TASK TO COMPLETE – Once you reach the line containing "using assms(3) unfolding" in the entries below, write out that line and each one after it down to the line containing "by (induction n)", exactly and with nothing added.

** Opening DATA SUPPLIED block **

(* Let $p$ be a prime, $\mathbb{C}_p$ the field of complex $p$-adic numbers with norm $|\cdot|_p$, $a,b,c\in\mathbb{C}_p$ with $b\neq0$, $c\neq ab$, and $f(x)=\frac{x+a}{bx+c}$ for $x\neq -c/b$. Fix a square root $\sqrt{(c-1)^2+4ab}\in\mathbb{C}_p$ and let $x_{1}=\frac{1-c+\sqrt{(c-1)^2+4ab}}{2b}$, $x_2=\frac{1-c-\sqrt{(c-1)^2+4ab}}{2b}$ (the fixed points of $f$). Assume $$\left|\frac{c-ab}{(bx_i+c)^2}\right|_p=1\ (i=1,2)\qquad\text{and}\qquad \left|\frac{b}{\sqrt{c-ab}}\right|_p<1,$$ and put $\varepsilon_c=\left|\frac{\sqrt{c-ab}}{b}\right|_p-1$. Then: (i) if $\left|\frac{\sqrt{(c-1)^2+4ab}}{b}\right|_p\ge 1+\varepsilon_c$, then $SI(x_1)\cap SI(x_2)=\emptyset$; (ii) otherwise $SI(x_1)=SI(x_2)$.
   Context: For $x_0\in\mathbb{C}_p$ and $r>0$: $V_r(x_0)=\{x:|x-x_0|_p<r\}$ and $S_r(x_0)=\{x:|x-x_0|_p=r\}$. For a fixed point $x_0$ of $f$, a ball $V_r(x_0)$ (contained in the domain of $f$) is a Siegel disk if every sphere $S_\rho(x_0)$ with $\rho<r$ is invariant, i.e. for every $x\in S_\rho(x_0)$ all iterates $f^n(x)$ are defined and lie in $S_\rho(x_0)$. The maximum Siegel disk $SI(x_0)$ is the union of all Siegel disks centered at $x_0$. *)

theory Defs
  imports "HOL-Analysis.Analysis" "HOL-Computational_Algebra.Polynomial"
begin

text \<open>Axiomatic characterisation of the complex p-adic numbers C_p: a field of characteristic 0
with a non-archimedean absolute value nrm, normalised by nrm p = 1/p, algebraically closed,
complete, and in which the algebraic numbers (roots of nonzero rational polynomials) are dense.
These properties determine (C_p, |.|_p) up to isometric isomorphism.\<close>

definition is_Cp :: "nat \<Rightarrow> ('a::field_char_0 \<Rightarrow> real) \<Rightarrow> bool" where
  "is_Cp p nrm \<longleftrightarrow>
     (\<forall>x. nrm x \<ge> 0 \<and> (nrm x = 0 \<longleftrightarrow> x = 0)) \<and>
     (\<forall>x y. nrm (x * y) = nrm x * nrm y) \<and>
     (\<forall>x y. nrm (x + y) \<le> max (nrm x) (nrm y)) \<and>
     nrm (of_nat p) = 1 / real p \<and>
     (\<forall>q :: 'a poly. degree q > 0 \<longrightarrow> (\<exists>x. poly q x = 0)) \<and>
     (\<forall>X :: nat \<Rightarrow> 'a.
        (\<forall>e>0. \<exists>N. \<forall>m\<ge>N. \<forall>n\<ge>N. nrm (X m - X n) < e) \<longrightarrow>
        (\<exists>L. \<forall>e>0. \<exists>N. \<forall>n\<ge>N. nrm (X n - L) < e)) \<and>
     (\<forall>x. \<forall>e>0. \<exists>y. (\<exists>q :: rat poly. q \<noteq> 0 \<and> poly (map_poly of_rat q) y = 0)
                     \<and> nrm (x - y) < e)"

definition mob :: "'a::field \<Rightarrow> 'a \<Rightarrow> 'a \<Rightarrow> 'a \<Rightarrow> 'a" where
  "mob a b c x = (x + a) / (b * x + c)"

definition Vball :: "('a::ab_group_add \<Rightarrow> real) \<Rightarrow> 'a \<Rightarrow> real \<Rightarrow> 'a set" where
  "Vball nrm x0 r = {x. nrm (x - x0) < r}"

definition Ssphere :: "('a::ab_group_add \<Rightarrow> real) \<Rightarrow> 'a \<Rightarrow> real \<Rightarrow> 'a set" where
  "Ssphere nrm x0 r = {x. nrm (x - x0) = r}"

definition siegel_disk :: "('a::field \<Rightarrow> real) \<Rightarrow> 'a \<Rightarrow> 'a \<Rightarrow> 'a \<Rightarrow> 'a \<Rightarrow> real \<Rightarrow> bool" where
  "siegel_disk nrm a b c x0 r \<longleftrightarrow>
     r > 0 \<and> (\<forall>x\<in>Vball nrm x0 r. b * x + c \<noteq> 0) \<and>
     (\<forall>\<rho>. 0 < \<rho> \<and> \<rho> < r \<longrightarrow>
        (\<forall>x\<in>Ssphere nrm x0 \<rho>. \<forall>n.
            b * ((mob a b c) ^^ n) x + c \<noteq> 0 \<and> ((mob a b c) ^^ n) x \<in> Ssphere nrm x0 \<rho>))"

definition SI :: "('a::field \<Rightarrow> real) \<Rightarrow> 'a \<Rightarrow> 'a \<Rightarrow> 'a \<Rightarrow> 'a \<Rightarrow> 'a set" where
  "SI nrm a b c x0 = \<Union>{Vball nrm x0 r | r. siegel_disk nrm a b c x0 r}"

end

theory Submission
  imports Defs
begin

text \<open>Both fixed points are indifferent: the hypotheses say
  \<open>|b x\<^sub>i + c|\<^sup>2 = |c - ab| = |t|\<^sup>2\<close>. On the ball of radius \<open>R = |b x\<^sub>i + c| / |b|\<close> the
  ultrametric inequality keeps \<open>|b y + c|\<close> equal to \<open>|b x\<^sub>i + c|\<close>, so the identity
  \<open>f y - x\<^sub>i = (c - ab)(y - x\<^sub>i) / ((b y + c)(b x\<^sub>i + c))\<close> makes \<open>f\<close> an isometry around \<open>x\<^sub>i\<close>
  there, while the pole \<open>-c/b\<close> lies at distance exactly \<open>R\<close> from \<open>x\<^sub>i\<close>. Hence \<open>SI(x\<^sub>i)\<close> is the
  open ball of radius \<open>R = |t/b| = 1 + \<epsilon>\<^sub>c\<close> around \<open>x\<^sub>i\<close>, and since \<open>|x\<^sub>1 - x\<^sub>2| = |s/b|\<close>
  and two ultrametric balls of equal radius are either equal or disjoint, the dichotomy
  follows.\<close>

lemma mob_sub_fixed_point:
  fixes a b c :: "'a::field"
  assumes "mob a b c x0 = x0" "b * x0 + c \<noteq> 0" "b * y + c \<noteq> 0"
  shows "mob a b c y - x0 = (c - a * b) * (y - x0) / ((b * y + c) * (b * x0 + c))"
proof -
  have "mob a b c y - x0 = (y + a) / (b * y + c) - (x0 + a) / (b * x0 + c)"
    using assms(1) unfolding mob_def by simp
  also have "\<dots> = ((y + a) * (b * x0 + c) - (x0 + a) * (b * y + c)) / ((b * y + c) * (b * x0 + c))"
    using assms(2,3) by (simp add: field_simps)
  also have "(y + a) * (b * x0 + c) - (x0 + a) * (b * y + c) = (c - a * b) * (y - x0)"
    by (simp add: algebra_simps)
  finally show ?thesis .
qed

lemma mob_fixed_point_quadratic_root:
  fixes a b c :: "'a::field_char_0"
  assumes "b \<noteq> 0" "s ^ 2 = (c - 1) ^ 2 + 4 * a * b" "b * x + c \<noteq> 0"
    and x: "x = (1 - c + s) / (2 * b)"
  shows "mob a b c x = x"
proof -
  have "b * x * x + (c - 1) * x - a = ((1 - c + s) * (s - (1 - c)) - 4 * a * b) / (4 * b)"
    unfolding x using assms(1) by (simp add: field_simps power2_eq_square)
  also have "(1 - c + s) * (s - (1 - c)) = s ^ 2 - (c - 1) ^ 2"
    by (simp add: algebra_simps power2_eq_square)
  finally have "b * x * x + (c - 1) * x - a = 0"
    using assms(2) by simp
  then show ?thesis
    using assms(3) unfolding mob_def by (simp add: field_simps)
qed

locale nonarchimedean_abs =
  fixes nrm :: "'a::field \<Rightarrow> real"
  assumes nrm_nonneg: "nrm x \<ge> 0"
    and nrm_eq_0_iff: "nrm x = 0 \<longleftrightarrow> x = 0"
    and nrm_mult: "nrm (x * y) = nrm x * nrm y"
    and nrm_add_le_max: "nrm (x + y) \<le> max (nrm x) (nrm y)"
begin

lemma nrm_one: "nrm 1 = 1"
  using nrm_mult[of 1 1] nrm_eq_0_iff[of 1] by simp

lemma nrm_minus: "nrm (- x) = nrm x"
proof -
  have "nrm (- 1) ^ 2 = 1"
    using nrm_mult[of "- 1" "- 1"] nrm_one by (simp add: power2_eq_square)
  then have "nrm (- 1) = 1"
    using nrm_nonneg[of "- 1"] by (simp add: power2_eq_1_iff)
  then show ?thesis
    using nrm_mult[of "- 1" x] by simp
qed

lemma nrm_minus_commute: "nrm (x - y) = nrm (y - x)"
  using nrm_minus[of "x - y"] by simp

lemma nrm_divide: "nrm (x / y) = nrm x / nrm y"
proof (cases "y = 0")
  case True
  then show ?thesis using nrm_eq_0_iff[of 0] by simp
next
  case False
  then have "nrm x = nrm (x / y) * nrm y"
    by (metis nrm_mult nonzero_divide_eq_eq)
  then show ?thesis
    using False nrm_eq_0_iff by simp
qed

lemma nrm_power: "nrm (x ^ n) = nrm x ^ n"
  by (induction n) (simp_all add: nrm_one nrm_mult)

lemma nrm_add_eq_if_less: "nrm x < nrm y \<Longrightarrow> nrm (x + y) = nrm y"
  using nrm_add_le_max[of x y] nrm_add_le_max[of "x + y" "- x"] nrm_minus[of x]
  by (auto simp: max_def split: if_splits)

lemma nrm_diff_le_max: "nrm (x - z) \<le> max (nrm (x - y)) (nrm (y - z))"
  using nrm_add_le_max[of "x - y" "y - z"] by simp

lemma nrm_eq_if_nrm_power2_divide_eq_1:
  assumes "nrm (u ^ 2 / v ^ 2) = 1"
  shows "nrm v = nrm u"
proof -
  have "nrm u ^ 2 / nrm v ^ 2 = 1"
    using assms by (simp only: nrm_divide nrm_power)
  then have "nrm u ^ 2 = nrm v ^ 2"
    by (simp add: divide_eq_1_iff)
  then show ?thesis
    using nrm_nonneg[of u] nrm_nonneg[of v] by (simp add: power2_eq_iff_nonneg)
qed

lemma Vball_subset_if_nrm_diff_less:
  assumes "nrm (x1 - x2) < r"
  shows "Vball nrm x1 r \<subseteq> Vball nrm x2 r"
proof
  fix x
  assume "x \<in> Vball nrm x1 r"
  then show "x \<in> Vball nrm x2 r"
    using assms nrm_diff_le_max[of x x2 x1] unfolding Vball_def by simp
qed

lemma Vball_eq_if_nrm_diff_less:
  assumes "nrm (x1 - x2) < r"
  shows "Vball nrm x1 r = Vball nrm x2 r"
  using assms Vball_subset_if_nrm_diff_less nrm_minus_commute[of x1 x2]
  by (simp add: subset_antisym)

lemma Vball_disjoint_if_nrm_diff_ge:
  assumes "r \<le> nrm (x1 - x2)"
  shows "Vball nrm x1 r \<inter> Vball nrm x2 r = {}"
proof -
  have False if "nrm (x - x1) < r" "nrm (x - x2) < r" for x
  proof -
    have "nrm (x1 - x2) \<le> max (nrm (x - x1)) (nrm (x - x2))"
      using nrm_diff_le_max[of x1 x2 x] nrm_minus_commute[of x1 x] by simp
    then show False
      using assms that by simp
  qed
  then show ?thesis
    unfolding Vball_def by blast
qed

lemma nrm_affine_eq_in_ball:
  assumes "nrm (y - x0) < nrm (b * x0 + c) / nrm b"
  shows "nrm (b * y + c) = nrm (b * x0 + c)"
proof -
  have "nrm b \<noteq> 0"
    using assms nrm_nonneg[of "y - x0"] by auto
  then have "nrm (b * (y - x0)) < nrm (b * x0 + c)"
    using assms nrm_nonneg[of b] by (simp add: nrm_mult pos_less_divide_eq mult.commute)
  then have "nrm (b * (y - x0) + (b * x0 + c)) = nrm (b * x0 + c)"
    by (rule nrm_add_eq_if_less)
  then show ?thesis
    by (simp add: algebra_simps)
qed

context
  fixes a b c x0 :: 'a
  assumes fixed: "mob a b c x0 = x0"
    and pole: "b * x0 + c \<noteq> 0"
    and indifferent: "nrm (c - a * b) = nrm (b * x0 + c) ^ 2"
begin

lemma nrm_mob_sub_fixed_point:
  assumes "nrm (y - x0) < nrm (b * x0 + c) / nrm b"
  shows "nrm (mob a b c y - x0) = nrm (y - x0)"
proof -
  have y: "nrm (b * y + c) = nrm (b * x0 + c)"
    using assms by (rule nrm_affine_eq_in_ball)
  then have "b * y + c \<noteq> 0"
    using pole nrm_eq_0_iff by metis
  then have "mob a b c y - x0 = (c - a * b) * (y - x0) / ((b * y + c) * (b * x0 + c))"
    by (rule mob_sub_fixed_point[OF fixed pole])
  then have "nrm (mob a b c y - x0)
      = nrm (c - a * b) * nrm (y - x0) / (nrm (b * y + c) * nrm (b * x0 + c))"
    by (simp only: nrm_divide nrm_mult)
  also have "\<dots> = nrm (y - x0)"
    using pole nrm_eq_0_iff[of "b * x0 + c"] by (simp add: y indifferent power2_eq_square)
  finally show ?thesis .
qed

lemma siegel_disk_if_radius_le:
  assumes "0 < r" "r \<le> nrm (b * x0 + c) / nrm b"
  shows "siegel_disk nrm a b c x0 r"
  unfolding siegel_disk_def
proof (intro conjI ballI allI impI)
  show "0 < r" by fact
  have domain: "b * y + c \<noteq> 0" if "nrm (y - x0) < r" for y
  proof -
    have "nrm (b * y + c) = nrm (b * x0 + c)"
      using that assms(2) by (intro nrm_affine_eq_in_ball) simp
    then show ?thesis
      using pole nrm_eq_0_iff by metis
  qed
  then show "b * x + c \<noteq> 0" if "x \<in> Vball nrm x0 r" for x
    using that unfolding Vball_def by simp
  fix \<rho> x n
  assume \<rho>: "0 < \<rho> \<and> \<rho> < r" and x: "x \<in> Ssphere nrm x0 \<rho>"
  show orbit: "(mob a b c ^^ n) x \<in> Ssphere nrm x0 \<rho>"
  proof (induction n)
    case 0
    then show ?case using x by simp
  next
    case (Suc n)
    then show ?case
      using nrm_mob_sub_fixed_point[of "(mob a b c ^^ n) x"] \<rho> assms(2)
      unfolding Ssphere_def by simp
  qed
  show "b * (mob a b c ^^ n) x + c \<noteq> 0"
    using domain orbit \<rho> unfolding Ssphere_def by simp
qed

end

lemma siegel_disk_radius_le:
  assumes "b \<noteq> 0" "siegel_disk nrm a b c x0 r"
  shows "r \<le> nrm (b * x0 + c) / nrm b"
proof (rule ccontr)
  assume beyond_pole: "\<not> ?thesis"
  have "- c / b - x0 = - (b * x0 + c) / b"
    using assms(1) by (simp add: field_simps)
  then have "nrm (- c / b - x0) = nrm (b * x0 + c) / nrm b"
    by (simp only: nrm_divide nrm_minus)
  then have "- c / b \<in> Vball nrm x0 r"
    using beyond_pole unfolding Vball_def by simp
  then have "b * (- c / b) + c \<noteq> 0"
    using assms(2) unfolding siegel_disk_def by blast
  then show False
    using assms(1) by simp
qed

lemma SI_eq_Vball:
  assumes "b \<noteq> 0" "mob a b c x0 = x0" "b * x0 + c \<noteq> 0"
    and "nrm (c - a * b) = nrm (b * x0 + c) ^ 2"
  shows "SI nrm a b c x0 = Vball nrm x0 (nrm (b * x0 + c) / nrm b)"
proof -
  define R where "R = nrm (b * x0 + c) / nrm b"
  have "R > 0"
    using assms(1,3) nrm_nonneg nrm_eq_0_iff unfolding R_def by (simp add: order_less_le)
  then have "siegel_disk nrm a b c x0 R"
    using siegel_disk_if_radius_le[OF assms(2-4)] unfolding R_def by simp
  moreover have "Vball nrm x0 r \<subseteq> Vball nrm x0 R" if "siegel_disk nrm a b c x0 r" for r
    using siegel_disk_radius_le[OF assms(1) that] unfolding R_def Vball_def by auto
  ultimately show ?thesis
    unfolding SI_def R_def[symmetric] by blast
qed

end

lemma SI_quadratic_root_eq_Vball:
  fixes nrm :: "'a::field_char_0 \<Rightarrow> real"
  assumes "nonarchimedean_abs nrm"
    and "b \<noteq> 0" and "s ^ 2 = (c - 1) ^ 2 + 4 * a * b" and x: "x = (1 - c + s) / (2 * b)"
    and "t ^ 2 = c - a * b" "t \<noteq> 0" and "nrm ((c - a * b) / (b * x + c) ^ 2) = 1"
  shows "SI nrm a b c x = Vball nrm x (nrm (t / b))"
proof -
  interpret nonarchimedean_abs nrm by fact
  have T: "nrm (b * x + c) = nrm t"
    using assms(5,7) nrm_eq_if_nrm_power2_divide_eq_1 by metis
  then have "b * x + c \<noteq> 0"
    using assms(6) nrm_eq_0_iff by metis
  moreover have "mob a b c x = x"
    using mob_fixed_point_quadratic_root[OF assms(2,3) calculation x] .
  moreover have "nrm (c - a * b) = nrm (b * x + c) ^ 2"
    using T assms(5) by (metis nrm_power)
  ultimately show ?thesis
    using SI_eq_Vball[OF assms(2)] T by (simp add: nrm_divide)
qed

lemma is_Cp_imp_nonarchimedean_abs: "is_Cp p nrm \<Longrightarrow> nonarchimedean_abs nrm"
  unfolding is_Cp_def by unfold_locales auto

theorem theorem3p3:
  fixes p :: nat and nrm :: "'a::field_char_0 \<Rightarrow> real"
    and a b c s t x1 x2 :: 'a and eps :: real
  assumes "prime p" and "is_Cp p nrm"
    and "b \<noteq> 0" and "c \<noteq> a * b"
    and s: "s ^ 2 = (c - 1) ^ 2 + 4 * a * b"
    and t: "t ^ 2 = c - a * b"
    and x1: "x1 = (1 - c + s) / (2 * b)"
    and x2: "x2 = (1 - c - s) / (2 * b)"
    and h1: "nrm ((c - a * b) / (b * x1 + c) ^ 2) = 1"
    and h2: "nrm ((c - a * b) / (b * x2 + c) ^ 2) = 1"
    and h3: "nrm (b / t) < 1"
    and eps: "eps = nrm (t / b) - 1"
  shows "(nrm (s / b) \<ge> 1 + eps \<longrightarrow> SI nrm a b c x1 \<inter> SI nrm a b c x2 = {})
       \<and> (\<not> nrm (s / b) \<ge> 1 + eps \<longrightarrow> SI nrm a b c x1 = SI nrm a b c x2)"
proof -
  have nonarch: "nonarchimedean_abs nrm"
    using assms(2) by (rule is_Cp_imp_nonarchimedean_abs)
  interpret nonarchimedean_abs nrm by (fact nonarch)
  have "t \<noteq> 0"
    using t assms(4) by auto
  note SI_eq = SI_quadratic_root_eq_Vball[OF nonarch assms(3) _ _ t \<open>t \<noteq> 0\<close>]
  have "SI nrm a b c x1 = Vball nrm x1 (1 + eps)"
    using SI_eq[OF s x1 h1] eps by simp
  moreover have "SI nrm a b c x2 = Vball nrm x2 (1 + eps)"
    using SI_eq[of "- s", OF _ _ h2] x2 s eps by simp
  moreover have "x1 - x2 = s / b"
    unfolding x1 x2 using assms(3) by (simp add: field_simps)
  ultimately show ?thesis
    using Vball_disjoint_if_nrm_diff_ge Vball_eq_if_nrm_diff_less by auto
qed

end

** Closing DATA SUPPLIED block **

ANSWER BOX –
    using assms(3) unfolding mob_def by (simp add: field_simps)
qed

locale nonarchimedean_abs =
  fixes nrm :: "'a::field \<Rightarrow> real"
  assumes nrm_nonneg: "nrm x \<ge> 0"
    and nrm_eq_0_iff: "nrm x = 0 \<longleftrightarrow> x = 0"
    and nrm_mult: "nrm (x * y) = nrm x * nrm y"
    and nrm_add_le_max: "nrm (x + y) \<le> max (nrm x) (nrm y)"
begin

lemma nrm_one: "nrm 1 = 1"
  using nrm_mult[of 1 1] nrm_eq_0_iff[of 1] by simp

lemma nrm_minus: "nrm (- x) = nrm x"
proof -
  have "nrm (- 1) ^ 2 = 1"
    using nrm_mult[of "- 1" "- 1"] nrm_one by (simp add: power2_eq_square)
  then have "nrm (- 1) = 1"
    using nrm_nonneg[of "- 1"] by (simp add: power2_eq_1_iff)
  then show ?thesis
    using nrm_mult[of "- 1" x] by simp
qed

lemma nrm_minus_commute: "nrm (x - y) = nrm (y - x)"
  using nrm_minus[of "x - y"] by simp

lemma nrm_divide: "nrm (x / y) = nrm x / nrm y"
proof (cases "y = 0")
  case True
  then show ?thesis using nrm_eq_0_iff[of 0] by simp
next
  case False
  then have "nrm x = nrm (x / y) * nrm y"
    by (metis nrm_mult nonzero_divide_eq_eq)
  then show ?thesis
    using False nrm_eq_0_iff by simp
qed

lemma nrm_power: "nrm (x ^ n) = nrm x ^ n"
  by (induction n) (simp_all add: nrm_one nrm_mult)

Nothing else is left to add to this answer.